- [TASK TO CARRY OUT]: From the entries below, copy exactly the lines from the one that contains "N2. (k \<in> x) \<noteq> B k)) \<and>" through the one that contains "by (rule islimptE[OF B])", both included, and only those.
*** Opening RECORDS SUPPLIED ***
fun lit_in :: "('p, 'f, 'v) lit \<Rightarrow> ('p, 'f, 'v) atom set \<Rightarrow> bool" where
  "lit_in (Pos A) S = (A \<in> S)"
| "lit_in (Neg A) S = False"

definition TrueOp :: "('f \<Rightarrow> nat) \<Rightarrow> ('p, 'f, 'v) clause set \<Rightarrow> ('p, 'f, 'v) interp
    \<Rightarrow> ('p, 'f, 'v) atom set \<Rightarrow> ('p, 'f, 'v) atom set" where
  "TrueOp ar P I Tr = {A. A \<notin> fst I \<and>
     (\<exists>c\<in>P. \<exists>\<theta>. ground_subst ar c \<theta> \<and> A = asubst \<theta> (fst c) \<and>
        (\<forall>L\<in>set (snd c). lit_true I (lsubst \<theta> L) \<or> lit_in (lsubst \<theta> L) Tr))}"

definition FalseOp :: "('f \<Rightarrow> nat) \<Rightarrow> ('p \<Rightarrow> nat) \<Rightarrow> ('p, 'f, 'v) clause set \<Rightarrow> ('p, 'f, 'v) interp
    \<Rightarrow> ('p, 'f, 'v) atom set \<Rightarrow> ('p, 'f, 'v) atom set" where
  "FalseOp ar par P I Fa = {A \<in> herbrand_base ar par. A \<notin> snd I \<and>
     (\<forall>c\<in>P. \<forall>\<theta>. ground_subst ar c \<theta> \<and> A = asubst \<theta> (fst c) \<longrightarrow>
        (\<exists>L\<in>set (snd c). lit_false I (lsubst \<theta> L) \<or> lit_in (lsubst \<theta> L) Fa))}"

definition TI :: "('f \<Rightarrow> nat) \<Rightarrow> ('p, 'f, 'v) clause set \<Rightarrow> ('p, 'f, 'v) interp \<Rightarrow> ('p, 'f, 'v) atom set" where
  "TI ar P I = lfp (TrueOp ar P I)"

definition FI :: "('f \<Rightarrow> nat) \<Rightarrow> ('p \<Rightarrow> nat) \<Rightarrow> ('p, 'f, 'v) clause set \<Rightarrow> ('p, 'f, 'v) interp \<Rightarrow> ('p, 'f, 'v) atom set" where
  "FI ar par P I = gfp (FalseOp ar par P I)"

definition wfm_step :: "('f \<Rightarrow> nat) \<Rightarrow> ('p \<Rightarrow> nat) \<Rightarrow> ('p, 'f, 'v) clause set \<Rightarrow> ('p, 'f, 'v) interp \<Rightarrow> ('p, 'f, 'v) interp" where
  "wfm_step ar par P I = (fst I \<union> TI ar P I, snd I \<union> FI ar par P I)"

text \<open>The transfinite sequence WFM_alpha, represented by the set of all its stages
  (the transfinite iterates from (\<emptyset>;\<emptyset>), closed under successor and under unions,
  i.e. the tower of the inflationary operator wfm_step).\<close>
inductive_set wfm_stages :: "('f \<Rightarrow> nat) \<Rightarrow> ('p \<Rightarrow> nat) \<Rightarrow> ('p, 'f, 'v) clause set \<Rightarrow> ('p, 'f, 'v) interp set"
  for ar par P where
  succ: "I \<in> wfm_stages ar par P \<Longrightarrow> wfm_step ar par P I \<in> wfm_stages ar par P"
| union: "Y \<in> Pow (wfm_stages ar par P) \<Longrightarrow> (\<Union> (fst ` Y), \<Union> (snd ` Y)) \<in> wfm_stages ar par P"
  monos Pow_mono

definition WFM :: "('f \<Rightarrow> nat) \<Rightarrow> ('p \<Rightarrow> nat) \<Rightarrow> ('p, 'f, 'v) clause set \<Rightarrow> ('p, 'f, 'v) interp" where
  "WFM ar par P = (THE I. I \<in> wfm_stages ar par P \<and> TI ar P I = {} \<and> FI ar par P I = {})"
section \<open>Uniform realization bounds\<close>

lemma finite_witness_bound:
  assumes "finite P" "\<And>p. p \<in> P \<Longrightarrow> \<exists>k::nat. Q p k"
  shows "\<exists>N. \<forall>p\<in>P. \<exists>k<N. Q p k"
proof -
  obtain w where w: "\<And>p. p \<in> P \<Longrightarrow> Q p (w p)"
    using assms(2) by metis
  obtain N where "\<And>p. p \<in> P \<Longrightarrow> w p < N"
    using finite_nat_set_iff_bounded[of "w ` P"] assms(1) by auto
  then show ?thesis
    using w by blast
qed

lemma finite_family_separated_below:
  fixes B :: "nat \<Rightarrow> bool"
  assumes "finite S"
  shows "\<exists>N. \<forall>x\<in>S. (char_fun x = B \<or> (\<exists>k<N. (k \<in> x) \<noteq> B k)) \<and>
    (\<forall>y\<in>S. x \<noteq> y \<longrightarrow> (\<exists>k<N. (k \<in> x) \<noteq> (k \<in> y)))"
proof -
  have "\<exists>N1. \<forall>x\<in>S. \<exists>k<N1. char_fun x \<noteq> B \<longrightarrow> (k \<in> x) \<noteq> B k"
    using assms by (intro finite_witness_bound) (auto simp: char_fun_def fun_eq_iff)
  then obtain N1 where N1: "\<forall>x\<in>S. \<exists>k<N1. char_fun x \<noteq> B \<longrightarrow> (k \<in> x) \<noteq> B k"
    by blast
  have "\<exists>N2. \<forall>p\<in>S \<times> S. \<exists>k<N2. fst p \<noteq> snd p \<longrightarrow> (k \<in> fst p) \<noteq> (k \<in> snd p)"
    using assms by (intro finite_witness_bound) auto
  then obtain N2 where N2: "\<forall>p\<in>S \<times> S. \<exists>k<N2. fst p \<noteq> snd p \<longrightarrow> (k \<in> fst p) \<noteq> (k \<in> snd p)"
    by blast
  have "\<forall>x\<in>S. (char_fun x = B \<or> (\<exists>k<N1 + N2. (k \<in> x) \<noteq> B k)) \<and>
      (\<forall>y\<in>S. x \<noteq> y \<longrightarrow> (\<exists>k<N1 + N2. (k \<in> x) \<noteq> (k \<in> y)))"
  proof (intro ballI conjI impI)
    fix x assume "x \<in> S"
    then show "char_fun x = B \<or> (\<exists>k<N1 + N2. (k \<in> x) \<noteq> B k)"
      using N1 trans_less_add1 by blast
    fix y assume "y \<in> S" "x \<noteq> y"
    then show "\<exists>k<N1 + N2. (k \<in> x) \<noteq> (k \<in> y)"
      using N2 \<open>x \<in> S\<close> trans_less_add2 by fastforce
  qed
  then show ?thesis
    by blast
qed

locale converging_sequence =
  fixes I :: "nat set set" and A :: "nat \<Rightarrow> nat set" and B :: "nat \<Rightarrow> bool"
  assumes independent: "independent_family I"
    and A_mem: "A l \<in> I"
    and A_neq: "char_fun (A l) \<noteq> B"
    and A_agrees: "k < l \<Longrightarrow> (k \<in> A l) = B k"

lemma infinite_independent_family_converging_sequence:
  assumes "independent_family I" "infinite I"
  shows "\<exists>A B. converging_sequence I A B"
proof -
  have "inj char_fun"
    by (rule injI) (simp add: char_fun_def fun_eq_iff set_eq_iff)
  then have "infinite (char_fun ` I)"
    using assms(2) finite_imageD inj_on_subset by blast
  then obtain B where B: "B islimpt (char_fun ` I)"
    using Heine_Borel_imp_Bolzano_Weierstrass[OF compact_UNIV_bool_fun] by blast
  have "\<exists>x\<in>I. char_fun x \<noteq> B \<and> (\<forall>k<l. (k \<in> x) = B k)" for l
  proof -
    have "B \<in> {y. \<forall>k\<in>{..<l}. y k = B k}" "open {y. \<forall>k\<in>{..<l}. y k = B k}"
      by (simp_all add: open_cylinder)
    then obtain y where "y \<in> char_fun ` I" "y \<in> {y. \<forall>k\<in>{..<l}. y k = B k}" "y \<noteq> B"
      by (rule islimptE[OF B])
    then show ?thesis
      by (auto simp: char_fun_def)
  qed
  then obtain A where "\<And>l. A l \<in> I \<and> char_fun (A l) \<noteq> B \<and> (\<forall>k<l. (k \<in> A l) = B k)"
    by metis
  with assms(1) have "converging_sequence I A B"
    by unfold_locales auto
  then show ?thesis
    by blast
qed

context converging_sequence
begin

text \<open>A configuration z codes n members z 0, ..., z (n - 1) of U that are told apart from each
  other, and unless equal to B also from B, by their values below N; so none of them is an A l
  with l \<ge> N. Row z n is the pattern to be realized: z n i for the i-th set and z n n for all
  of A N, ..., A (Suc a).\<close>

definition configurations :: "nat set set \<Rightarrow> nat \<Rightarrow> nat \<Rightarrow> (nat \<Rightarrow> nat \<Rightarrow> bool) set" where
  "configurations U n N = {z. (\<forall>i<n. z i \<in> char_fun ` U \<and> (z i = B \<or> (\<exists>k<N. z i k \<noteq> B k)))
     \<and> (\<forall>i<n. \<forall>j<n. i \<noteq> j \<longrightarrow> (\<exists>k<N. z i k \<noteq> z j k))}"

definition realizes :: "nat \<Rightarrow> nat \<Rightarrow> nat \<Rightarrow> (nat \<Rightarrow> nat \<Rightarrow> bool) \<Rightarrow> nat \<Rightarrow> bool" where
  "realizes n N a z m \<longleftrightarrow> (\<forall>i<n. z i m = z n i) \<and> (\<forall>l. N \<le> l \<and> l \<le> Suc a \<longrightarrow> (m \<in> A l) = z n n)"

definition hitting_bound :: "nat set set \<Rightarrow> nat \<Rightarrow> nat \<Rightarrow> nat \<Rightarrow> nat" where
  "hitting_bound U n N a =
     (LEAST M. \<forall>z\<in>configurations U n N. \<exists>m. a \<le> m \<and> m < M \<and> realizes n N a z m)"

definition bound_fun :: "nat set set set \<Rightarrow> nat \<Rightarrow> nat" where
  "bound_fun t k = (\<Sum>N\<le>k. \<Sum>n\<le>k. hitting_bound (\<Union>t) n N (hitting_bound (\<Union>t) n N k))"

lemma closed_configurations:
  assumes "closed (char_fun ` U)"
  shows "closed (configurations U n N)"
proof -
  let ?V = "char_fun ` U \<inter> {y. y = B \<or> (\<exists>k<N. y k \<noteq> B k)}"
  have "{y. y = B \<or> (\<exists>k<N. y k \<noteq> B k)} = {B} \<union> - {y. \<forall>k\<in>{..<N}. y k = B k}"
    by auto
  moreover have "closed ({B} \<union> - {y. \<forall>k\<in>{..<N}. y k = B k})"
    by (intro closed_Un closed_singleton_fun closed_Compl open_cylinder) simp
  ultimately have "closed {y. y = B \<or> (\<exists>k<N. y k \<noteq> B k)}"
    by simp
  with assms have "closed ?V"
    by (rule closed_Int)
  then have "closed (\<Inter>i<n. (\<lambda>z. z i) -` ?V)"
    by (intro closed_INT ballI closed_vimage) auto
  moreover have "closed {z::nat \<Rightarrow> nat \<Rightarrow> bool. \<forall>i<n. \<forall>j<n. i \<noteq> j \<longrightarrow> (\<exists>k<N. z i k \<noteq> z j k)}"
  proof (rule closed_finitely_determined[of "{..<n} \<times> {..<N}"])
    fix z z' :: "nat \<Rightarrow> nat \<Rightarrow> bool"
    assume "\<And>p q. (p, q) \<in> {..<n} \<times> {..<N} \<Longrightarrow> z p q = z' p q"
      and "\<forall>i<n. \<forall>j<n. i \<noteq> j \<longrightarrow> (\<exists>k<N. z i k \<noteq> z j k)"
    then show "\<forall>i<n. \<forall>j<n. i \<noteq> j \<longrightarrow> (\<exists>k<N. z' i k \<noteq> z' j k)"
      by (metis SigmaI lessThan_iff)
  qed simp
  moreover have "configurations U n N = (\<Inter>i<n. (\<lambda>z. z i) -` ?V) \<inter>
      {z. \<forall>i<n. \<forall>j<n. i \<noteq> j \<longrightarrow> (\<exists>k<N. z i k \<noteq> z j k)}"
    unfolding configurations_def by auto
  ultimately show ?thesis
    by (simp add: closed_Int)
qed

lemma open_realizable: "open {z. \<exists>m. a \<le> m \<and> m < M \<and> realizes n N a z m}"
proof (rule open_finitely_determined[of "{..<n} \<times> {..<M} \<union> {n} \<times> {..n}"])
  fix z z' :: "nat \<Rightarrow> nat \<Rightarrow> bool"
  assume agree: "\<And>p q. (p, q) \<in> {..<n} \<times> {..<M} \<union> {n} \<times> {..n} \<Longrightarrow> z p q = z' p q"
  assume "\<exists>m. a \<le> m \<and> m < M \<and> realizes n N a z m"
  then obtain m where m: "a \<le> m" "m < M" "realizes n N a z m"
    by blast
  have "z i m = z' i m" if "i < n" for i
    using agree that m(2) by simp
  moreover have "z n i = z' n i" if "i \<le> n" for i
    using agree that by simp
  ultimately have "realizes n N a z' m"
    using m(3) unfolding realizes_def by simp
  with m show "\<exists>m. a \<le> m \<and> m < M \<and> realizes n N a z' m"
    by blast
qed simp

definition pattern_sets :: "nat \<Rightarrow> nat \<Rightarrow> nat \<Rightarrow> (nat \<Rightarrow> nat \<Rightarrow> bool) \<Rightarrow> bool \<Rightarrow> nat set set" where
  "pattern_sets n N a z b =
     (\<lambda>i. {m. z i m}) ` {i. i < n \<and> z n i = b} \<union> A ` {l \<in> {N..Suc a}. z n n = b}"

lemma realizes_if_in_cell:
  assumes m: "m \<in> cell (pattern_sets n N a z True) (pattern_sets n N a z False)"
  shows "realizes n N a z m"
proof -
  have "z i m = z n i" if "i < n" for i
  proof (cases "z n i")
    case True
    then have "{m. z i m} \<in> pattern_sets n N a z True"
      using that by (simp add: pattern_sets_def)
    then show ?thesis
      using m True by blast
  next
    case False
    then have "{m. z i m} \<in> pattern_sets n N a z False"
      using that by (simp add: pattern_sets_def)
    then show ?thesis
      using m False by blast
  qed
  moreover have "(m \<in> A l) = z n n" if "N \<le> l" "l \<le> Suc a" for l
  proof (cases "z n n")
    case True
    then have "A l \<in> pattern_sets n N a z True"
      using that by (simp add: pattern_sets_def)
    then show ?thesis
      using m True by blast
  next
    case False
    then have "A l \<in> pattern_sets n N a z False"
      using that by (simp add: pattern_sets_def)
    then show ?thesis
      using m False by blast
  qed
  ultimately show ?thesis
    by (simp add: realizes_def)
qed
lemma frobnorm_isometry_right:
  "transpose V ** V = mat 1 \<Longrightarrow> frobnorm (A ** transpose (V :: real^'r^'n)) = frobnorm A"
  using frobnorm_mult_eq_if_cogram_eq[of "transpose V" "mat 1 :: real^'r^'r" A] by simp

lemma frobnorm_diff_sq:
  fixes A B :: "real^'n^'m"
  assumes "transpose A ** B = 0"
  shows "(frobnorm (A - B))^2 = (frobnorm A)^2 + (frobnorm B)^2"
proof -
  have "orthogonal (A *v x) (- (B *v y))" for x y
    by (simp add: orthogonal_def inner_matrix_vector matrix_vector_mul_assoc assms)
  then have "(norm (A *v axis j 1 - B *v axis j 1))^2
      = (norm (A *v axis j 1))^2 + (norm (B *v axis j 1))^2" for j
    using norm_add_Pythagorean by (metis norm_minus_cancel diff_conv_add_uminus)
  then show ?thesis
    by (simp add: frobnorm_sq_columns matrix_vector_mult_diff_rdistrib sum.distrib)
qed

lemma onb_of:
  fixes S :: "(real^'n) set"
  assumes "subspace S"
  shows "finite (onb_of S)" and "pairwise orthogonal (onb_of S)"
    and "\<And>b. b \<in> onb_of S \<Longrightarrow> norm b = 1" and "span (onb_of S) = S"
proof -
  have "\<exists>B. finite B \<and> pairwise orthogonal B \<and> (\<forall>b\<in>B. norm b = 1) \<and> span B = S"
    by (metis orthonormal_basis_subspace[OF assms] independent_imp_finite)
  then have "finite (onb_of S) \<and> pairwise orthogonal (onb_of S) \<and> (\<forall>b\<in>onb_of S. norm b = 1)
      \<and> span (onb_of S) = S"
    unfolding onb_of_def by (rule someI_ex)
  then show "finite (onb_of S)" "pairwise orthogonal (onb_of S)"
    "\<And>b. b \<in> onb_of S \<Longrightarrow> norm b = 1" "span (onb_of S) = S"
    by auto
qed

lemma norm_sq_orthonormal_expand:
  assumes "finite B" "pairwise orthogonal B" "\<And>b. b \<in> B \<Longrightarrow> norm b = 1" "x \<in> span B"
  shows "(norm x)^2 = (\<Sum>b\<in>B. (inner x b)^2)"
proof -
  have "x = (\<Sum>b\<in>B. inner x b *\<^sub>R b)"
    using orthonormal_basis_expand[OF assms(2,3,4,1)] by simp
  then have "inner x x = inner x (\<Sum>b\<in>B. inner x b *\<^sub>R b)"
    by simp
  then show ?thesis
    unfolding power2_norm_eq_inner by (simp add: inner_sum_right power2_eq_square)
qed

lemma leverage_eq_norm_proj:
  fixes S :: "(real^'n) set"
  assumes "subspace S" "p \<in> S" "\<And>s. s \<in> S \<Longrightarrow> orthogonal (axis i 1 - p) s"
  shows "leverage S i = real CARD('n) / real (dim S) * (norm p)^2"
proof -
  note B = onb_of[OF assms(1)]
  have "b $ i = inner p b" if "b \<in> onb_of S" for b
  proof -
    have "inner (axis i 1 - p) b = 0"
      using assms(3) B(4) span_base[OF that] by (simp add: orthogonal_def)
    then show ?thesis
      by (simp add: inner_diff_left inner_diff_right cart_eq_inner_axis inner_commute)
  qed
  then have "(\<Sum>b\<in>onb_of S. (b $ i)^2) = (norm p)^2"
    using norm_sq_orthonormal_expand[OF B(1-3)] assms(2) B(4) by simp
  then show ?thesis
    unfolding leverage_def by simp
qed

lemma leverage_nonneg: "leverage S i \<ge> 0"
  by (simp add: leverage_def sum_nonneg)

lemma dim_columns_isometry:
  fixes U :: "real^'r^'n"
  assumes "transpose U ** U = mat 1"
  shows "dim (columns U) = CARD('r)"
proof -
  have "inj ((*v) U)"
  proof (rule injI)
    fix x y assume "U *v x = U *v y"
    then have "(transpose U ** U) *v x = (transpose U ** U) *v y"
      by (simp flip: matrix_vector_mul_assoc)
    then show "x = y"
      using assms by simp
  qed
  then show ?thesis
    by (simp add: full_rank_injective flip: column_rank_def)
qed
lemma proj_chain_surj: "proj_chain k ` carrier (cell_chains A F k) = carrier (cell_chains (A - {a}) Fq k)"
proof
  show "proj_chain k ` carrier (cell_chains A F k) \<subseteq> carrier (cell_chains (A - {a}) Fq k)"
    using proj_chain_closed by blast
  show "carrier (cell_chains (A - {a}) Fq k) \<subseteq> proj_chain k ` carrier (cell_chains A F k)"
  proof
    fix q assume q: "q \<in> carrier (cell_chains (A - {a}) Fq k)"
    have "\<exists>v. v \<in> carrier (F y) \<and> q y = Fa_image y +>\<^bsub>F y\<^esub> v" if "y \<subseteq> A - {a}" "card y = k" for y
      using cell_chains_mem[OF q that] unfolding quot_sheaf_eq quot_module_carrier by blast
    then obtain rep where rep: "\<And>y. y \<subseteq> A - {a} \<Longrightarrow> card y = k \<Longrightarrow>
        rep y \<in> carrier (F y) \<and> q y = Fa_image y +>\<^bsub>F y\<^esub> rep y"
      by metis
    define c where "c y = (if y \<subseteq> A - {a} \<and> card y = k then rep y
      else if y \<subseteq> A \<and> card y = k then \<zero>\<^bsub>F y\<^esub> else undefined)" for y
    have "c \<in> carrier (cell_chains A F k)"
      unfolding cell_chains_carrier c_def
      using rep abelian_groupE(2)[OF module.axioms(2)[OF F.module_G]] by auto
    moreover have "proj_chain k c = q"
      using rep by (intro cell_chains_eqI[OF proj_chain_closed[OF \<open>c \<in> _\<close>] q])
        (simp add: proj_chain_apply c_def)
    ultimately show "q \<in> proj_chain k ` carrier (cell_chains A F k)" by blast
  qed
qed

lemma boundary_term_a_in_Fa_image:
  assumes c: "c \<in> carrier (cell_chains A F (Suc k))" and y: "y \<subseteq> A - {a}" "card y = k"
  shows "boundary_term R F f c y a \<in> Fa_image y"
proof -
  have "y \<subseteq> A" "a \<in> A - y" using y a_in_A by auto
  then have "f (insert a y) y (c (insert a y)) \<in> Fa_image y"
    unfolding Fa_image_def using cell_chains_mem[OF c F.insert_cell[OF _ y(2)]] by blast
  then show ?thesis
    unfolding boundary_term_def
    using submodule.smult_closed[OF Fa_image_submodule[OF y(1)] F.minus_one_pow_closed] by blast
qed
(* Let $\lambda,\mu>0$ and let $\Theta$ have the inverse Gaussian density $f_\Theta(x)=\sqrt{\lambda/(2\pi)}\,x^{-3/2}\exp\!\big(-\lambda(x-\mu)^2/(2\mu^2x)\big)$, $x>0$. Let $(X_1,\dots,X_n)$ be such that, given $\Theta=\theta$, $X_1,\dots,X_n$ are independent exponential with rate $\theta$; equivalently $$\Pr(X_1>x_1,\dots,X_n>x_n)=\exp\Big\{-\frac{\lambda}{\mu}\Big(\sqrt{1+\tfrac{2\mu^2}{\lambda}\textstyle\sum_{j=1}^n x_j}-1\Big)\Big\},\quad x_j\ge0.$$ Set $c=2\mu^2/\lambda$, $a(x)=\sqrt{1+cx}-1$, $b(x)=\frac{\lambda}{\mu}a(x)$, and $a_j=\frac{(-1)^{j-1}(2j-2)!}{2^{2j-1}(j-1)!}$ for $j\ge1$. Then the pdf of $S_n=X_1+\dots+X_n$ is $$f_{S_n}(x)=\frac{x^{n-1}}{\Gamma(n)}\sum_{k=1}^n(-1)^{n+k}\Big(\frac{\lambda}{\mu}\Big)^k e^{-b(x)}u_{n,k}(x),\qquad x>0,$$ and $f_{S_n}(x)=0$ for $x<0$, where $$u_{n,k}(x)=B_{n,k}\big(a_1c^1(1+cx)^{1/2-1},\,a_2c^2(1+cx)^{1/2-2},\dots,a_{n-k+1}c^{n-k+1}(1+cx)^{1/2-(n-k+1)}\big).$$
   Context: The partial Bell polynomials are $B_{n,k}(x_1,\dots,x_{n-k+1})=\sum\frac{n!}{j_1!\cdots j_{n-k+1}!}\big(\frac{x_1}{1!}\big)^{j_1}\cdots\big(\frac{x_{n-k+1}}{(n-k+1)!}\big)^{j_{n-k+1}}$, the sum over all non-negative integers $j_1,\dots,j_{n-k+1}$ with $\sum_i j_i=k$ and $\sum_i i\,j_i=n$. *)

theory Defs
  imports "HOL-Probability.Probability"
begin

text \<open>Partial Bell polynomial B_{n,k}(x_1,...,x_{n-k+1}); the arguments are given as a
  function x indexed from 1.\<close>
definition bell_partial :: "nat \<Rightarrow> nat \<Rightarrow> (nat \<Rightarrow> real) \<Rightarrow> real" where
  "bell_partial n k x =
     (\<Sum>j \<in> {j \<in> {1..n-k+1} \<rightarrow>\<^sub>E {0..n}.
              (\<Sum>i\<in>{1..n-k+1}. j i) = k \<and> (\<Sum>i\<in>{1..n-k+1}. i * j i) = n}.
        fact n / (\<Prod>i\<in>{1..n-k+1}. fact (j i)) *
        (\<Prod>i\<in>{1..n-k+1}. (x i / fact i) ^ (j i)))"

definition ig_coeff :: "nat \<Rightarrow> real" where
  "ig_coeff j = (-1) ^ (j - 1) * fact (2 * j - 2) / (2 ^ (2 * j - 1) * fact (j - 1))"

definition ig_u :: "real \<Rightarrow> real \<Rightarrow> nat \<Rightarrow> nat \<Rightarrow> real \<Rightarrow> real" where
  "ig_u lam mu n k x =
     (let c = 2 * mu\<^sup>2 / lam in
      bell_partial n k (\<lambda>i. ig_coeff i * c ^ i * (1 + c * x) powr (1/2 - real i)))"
*** Closing RECORDS SUPPLIED ***
- [RESPONSE FOR THIS EXERCISE]:
  have "\<forall>x\<in>S. (char_fun x = B \<or> (\<exists>k<N1 + N2. (k \<in> x) \<noteq> B k)) \<and>
      (\<forall>y\<in>S. x \<noteq> y \<longrightarrow> (\<exists>k<N1 + N2. (k \<in> x) \<noteq> (k \<in> y)))"
  proof (intro ballI conjI impI)
    fix x assume "x \<in> S"
    then show "char_fun x = B \<or> (\<exists>k<N1 + N2. (k \<in> x) \<noteq> B k)"
      using N1 trans_less_add1 by blast
    fix y assume "y \<in> S" "x \<noteq> y"
    then show "\<exists>k<N1 + N2. (k \<in> x) \<noteq> (k \<in> y)"
      using N2 \<open>x \<in> S\<close> trans_less_add2 by fastforce
  qed
  then show ?thesis
    by blast
qed

locale converging_sequence =
  fixes I :: "nat set set" and A :: "nat \<Rightarrow> nat set" and B :: "nat \<Rightarrow> bool"
  assumes independent: "independent_family I"
    and A_mem: "A l \<in> I"
    and A_neq: "char_fun (A l) \<noteq> B"
    and A_agrees: "k < l \<Longrightarrow> (k \<in> A l) = B k"

lemma infinite_independent_family_converging_sequence:
  assumes "independent_family I" "infinite I"
  shows "\<exists>A B. converging_sequence I A B"
proof -
  have "inj char_fun"
    by (rule injI) (simp add: char_fun_def fun_eq_iff set_eq_iff)
  then have "infinite (char_fun ` I)"
    using assms(2) finite_imageD inj_on_subset by blast
  then obtain B where B: "B islimpt (char_fun ` I)"
    using Heine_Borel_imp_Bolzano_Weierstrass[OF compact_UNIV_bool_fun] by blast
  have "\<exists>x\<in>I. char_fun x \<noteq> B \<and> (\<forall>k<l. (k \<in> x) = B k)" for l
  proof -
    have "B \<in> {y. \<forall>k\<in>{..<l}. y k = B k}" "open {y. \<forall>k\<in>{..<l}. y k = B k}"
      by (simp_all add: open_cylinder)
    then obtain y where "y \<in> char_fun ` I" "y \<in> {y. \<forall>k\<in>{..<l}. y k = B k}" "y \<noteq> B"
      by (rule islimptE[OF B])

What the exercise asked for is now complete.